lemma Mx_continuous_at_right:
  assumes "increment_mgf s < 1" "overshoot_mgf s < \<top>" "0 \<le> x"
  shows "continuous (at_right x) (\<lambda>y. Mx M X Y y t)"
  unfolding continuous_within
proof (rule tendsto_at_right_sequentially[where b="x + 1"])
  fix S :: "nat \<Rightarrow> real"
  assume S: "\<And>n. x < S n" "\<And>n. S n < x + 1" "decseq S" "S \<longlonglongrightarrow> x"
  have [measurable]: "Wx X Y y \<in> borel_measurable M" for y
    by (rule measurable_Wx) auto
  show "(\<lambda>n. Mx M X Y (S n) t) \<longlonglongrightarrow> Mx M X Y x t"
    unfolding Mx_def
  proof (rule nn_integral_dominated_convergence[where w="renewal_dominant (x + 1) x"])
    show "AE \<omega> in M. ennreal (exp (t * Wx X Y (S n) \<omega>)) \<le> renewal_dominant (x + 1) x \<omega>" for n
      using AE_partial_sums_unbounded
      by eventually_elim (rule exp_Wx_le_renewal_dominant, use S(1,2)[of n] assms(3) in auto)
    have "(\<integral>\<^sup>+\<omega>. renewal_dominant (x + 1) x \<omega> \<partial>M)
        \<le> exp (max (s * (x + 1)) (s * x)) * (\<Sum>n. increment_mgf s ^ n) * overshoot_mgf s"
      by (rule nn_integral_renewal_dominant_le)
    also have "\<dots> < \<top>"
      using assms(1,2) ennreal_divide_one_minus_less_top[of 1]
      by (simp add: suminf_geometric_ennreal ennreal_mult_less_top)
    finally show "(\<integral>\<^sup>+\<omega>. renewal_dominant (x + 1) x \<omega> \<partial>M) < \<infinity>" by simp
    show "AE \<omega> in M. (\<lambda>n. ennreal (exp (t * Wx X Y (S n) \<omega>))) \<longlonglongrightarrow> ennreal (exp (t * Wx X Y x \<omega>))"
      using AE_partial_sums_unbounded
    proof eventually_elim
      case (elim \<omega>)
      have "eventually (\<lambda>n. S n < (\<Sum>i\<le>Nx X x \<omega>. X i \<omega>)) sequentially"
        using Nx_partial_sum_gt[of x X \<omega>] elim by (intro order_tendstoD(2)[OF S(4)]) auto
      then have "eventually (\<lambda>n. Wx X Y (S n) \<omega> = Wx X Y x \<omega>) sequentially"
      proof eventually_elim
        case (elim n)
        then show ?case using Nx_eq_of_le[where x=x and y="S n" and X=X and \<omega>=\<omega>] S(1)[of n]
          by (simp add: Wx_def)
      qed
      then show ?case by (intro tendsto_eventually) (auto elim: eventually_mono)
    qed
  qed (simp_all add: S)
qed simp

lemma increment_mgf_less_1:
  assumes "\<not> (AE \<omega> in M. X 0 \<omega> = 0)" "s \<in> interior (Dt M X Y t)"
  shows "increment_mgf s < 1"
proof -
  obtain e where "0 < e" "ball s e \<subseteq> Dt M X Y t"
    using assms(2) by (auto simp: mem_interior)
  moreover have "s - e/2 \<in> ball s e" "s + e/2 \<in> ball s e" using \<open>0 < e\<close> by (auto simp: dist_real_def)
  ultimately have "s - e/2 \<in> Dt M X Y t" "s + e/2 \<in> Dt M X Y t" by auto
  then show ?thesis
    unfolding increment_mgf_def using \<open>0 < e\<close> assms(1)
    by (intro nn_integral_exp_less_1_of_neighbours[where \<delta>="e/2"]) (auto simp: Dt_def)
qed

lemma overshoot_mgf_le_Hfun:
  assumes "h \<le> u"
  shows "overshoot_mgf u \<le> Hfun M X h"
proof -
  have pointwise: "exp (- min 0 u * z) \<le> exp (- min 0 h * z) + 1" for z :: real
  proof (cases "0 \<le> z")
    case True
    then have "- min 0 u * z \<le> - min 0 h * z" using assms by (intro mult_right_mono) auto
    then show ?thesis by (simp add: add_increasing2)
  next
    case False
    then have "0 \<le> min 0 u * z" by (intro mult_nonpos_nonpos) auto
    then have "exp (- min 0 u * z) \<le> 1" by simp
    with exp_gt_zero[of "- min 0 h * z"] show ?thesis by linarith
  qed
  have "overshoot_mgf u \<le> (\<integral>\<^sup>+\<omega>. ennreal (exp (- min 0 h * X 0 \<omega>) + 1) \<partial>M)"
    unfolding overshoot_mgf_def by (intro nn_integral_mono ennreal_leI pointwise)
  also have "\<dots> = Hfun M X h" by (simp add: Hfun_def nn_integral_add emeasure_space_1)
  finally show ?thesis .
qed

==

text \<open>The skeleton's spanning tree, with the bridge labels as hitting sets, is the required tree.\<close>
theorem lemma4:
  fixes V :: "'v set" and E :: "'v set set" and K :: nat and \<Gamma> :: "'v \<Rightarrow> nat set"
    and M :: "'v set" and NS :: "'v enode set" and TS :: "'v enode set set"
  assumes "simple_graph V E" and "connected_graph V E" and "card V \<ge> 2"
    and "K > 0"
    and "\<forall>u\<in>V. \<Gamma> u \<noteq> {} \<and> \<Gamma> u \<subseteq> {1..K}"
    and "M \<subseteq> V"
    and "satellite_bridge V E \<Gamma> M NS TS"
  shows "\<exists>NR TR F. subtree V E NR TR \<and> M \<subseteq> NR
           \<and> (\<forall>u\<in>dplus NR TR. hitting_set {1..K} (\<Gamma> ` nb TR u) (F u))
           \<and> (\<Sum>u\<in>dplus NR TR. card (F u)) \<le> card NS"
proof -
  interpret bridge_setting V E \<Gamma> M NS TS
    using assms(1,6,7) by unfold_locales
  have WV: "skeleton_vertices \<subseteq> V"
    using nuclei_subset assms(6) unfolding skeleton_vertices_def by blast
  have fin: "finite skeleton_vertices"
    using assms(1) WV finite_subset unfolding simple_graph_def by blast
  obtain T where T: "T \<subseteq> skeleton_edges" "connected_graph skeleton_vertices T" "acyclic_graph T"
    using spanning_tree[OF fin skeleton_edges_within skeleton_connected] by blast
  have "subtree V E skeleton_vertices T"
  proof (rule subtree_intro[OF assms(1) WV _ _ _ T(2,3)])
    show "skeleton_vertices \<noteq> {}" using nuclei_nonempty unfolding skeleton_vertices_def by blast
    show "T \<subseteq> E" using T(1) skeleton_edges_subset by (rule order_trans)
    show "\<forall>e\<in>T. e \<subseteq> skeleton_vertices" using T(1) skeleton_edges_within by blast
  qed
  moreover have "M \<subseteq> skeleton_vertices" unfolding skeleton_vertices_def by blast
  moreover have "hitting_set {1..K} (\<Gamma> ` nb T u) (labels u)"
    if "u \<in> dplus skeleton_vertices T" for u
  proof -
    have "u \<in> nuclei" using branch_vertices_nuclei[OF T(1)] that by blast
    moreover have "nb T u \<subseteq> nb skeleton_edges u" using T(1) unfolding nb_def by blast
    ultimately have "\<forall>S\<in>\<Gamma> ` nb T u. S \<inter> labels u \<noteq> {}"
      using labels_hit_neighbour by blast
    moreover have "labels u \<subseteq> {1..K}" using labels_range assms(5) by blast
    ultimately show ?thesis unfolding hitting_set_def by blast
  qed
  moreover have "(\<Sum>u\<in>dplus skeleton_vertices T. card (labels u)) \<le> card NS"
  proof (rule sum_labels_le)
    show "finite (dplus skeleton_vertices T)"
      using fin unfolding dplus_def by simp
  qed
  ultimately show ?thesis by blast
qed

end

==

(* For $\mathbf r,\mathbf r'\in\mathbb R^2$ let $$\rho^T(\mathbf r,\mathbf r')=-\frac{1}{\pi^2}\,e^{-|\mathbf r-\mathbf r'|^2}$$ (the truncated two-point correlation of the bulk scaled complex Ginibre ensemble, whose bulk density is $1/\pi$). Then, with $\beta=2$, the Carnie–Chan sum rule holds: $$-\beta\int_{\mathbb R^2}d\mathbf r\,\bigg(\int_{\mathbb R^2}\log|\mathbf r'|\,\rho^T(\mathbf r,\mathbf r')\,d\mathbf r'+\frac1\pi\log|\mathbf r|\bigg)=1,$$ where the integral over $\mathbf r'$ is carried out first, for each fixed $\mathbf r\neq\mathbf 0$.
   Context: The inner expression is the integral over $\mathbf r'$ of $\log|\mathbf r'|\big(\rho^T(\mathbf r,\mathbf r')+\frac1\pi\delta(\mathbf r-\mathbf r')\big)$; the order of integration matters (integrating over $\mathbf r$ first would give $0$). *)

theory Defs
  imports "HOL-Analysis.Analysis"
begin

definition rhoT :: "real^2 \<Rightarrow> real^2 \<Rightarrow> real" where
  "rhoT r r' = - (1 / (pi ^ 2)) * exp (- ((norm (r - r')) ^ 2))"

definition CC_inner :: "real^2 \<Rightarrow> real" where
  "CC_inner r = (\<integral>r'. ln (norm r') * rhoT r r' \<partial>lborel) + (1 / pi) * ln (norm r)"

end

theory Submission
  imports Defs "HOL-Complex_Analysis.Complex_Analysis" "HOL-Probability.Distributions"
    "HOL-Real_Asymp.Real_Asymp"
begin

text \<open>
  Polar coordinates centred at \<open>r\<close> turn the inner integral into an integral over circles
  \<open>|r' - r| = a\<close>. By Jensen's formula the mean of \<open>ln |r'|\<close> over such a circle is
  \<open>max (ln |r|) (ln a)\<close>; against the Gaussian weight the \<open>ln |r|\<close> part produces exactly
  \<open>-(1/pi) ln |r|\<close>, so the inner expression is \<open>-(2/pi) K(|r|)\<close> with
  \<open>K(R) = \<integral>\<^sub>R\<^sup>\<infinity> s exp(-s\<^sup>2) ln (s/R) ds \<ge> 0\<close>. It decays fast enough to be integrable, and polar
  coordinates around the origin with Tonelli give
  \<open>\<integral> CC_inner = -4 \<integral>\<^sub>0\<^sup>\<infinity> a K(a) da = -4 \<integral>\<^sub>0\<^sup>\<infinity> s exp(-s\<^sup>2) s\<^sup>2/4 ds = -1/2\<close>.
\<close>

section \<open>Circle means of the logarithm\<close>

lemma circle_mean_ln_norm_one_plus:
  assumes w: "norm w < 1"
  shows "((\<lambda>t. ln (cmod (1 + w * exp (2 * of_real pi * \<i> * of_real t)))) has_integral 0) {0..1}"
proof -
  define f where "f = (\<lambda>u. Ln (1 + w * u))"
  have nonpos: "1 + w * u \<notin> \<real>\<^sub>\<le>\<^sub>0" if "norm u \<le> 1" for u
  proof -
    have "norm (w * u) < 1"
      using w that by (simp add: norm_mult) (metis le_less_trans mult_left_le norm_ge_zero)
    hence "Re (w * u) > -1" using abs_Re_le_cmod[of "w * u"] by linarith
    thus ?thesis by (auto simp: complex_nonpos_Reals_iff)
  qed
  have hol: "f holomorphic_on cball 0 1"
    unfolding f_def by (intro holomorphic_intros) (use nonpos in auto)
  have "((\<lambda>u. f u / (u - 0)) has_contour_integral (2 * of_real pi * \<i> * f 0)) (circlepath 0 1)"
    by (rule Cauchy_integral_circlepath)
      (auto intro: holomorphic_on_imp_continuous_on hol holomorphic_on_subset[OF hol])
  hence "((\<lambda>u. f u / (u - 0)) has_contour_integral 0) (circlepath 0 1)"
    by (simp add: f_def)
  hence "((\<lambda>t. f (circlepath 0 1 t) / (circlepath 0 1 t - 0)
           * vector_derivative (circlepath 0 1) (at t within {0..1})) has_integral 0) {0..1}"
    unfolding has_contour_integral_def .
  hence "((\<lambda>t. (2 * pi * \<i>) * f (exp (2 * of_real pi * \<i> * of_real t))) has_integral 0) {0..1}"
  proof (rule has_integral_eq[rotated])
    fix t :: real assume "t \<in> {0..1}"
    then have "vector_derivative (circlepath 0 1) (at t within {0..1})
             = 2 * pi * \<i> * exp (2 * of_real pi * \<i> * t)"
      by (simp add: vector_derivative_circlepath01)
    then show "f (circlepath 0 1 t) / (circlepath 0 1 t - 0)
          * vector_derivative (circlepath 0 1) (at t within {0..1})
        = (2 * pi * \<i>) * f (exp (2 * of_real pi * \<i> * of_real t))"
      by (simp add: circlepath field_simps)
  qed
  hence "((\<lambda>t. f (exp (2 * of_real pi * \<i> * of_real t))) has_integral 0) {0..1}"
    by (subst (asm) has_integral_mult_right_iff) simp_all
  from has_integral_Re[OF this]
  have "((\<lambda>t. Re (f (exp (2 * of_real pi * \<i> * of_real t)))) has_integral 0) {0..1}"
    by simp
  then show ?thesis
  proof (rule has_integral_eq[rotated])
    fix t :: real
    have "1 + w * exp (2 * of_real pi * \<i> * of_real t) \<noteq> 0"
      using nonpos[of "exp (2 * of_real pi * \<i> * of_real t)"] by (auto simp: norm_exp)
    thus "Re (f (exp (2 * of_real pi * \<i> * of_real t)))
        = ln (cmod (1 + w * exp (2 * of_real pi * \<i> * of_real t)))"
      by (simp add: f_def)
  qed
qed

Assignment:
Search the entries above for the word "assms" and copy each line where it appears.

Output of the exercise:
      by eventually_elim (rule exp_Wx_le_renewal_dominant, use S(1,2)[of n] assms(3) in auto)
      using assms(1,2) ennreal_divide_one_minus_less_top[of 1]
    using assms(2) by (auto simp: mem_interior)
    unfolding increment_mgf_def using \<open>0 < e\<close> assms(1)
    then have "- min 0 u * z \<le> - min 0 h * z" using assms by (intro mult_right_mono) auto
    using assms(1,6,7) by unfold_locales
    using nuclei_subset assms(6) unfolding skeleton_vertices_def by blast
    using assms(1) WV finite_subset unfolding simple_graph_def by blast
  proof (rule subtree_intro[OF assms(1) WV _ _ _ T(2,3)])
    moreover have "labels u \<subseteq> {1..K}" using labels_range assms(5) by blast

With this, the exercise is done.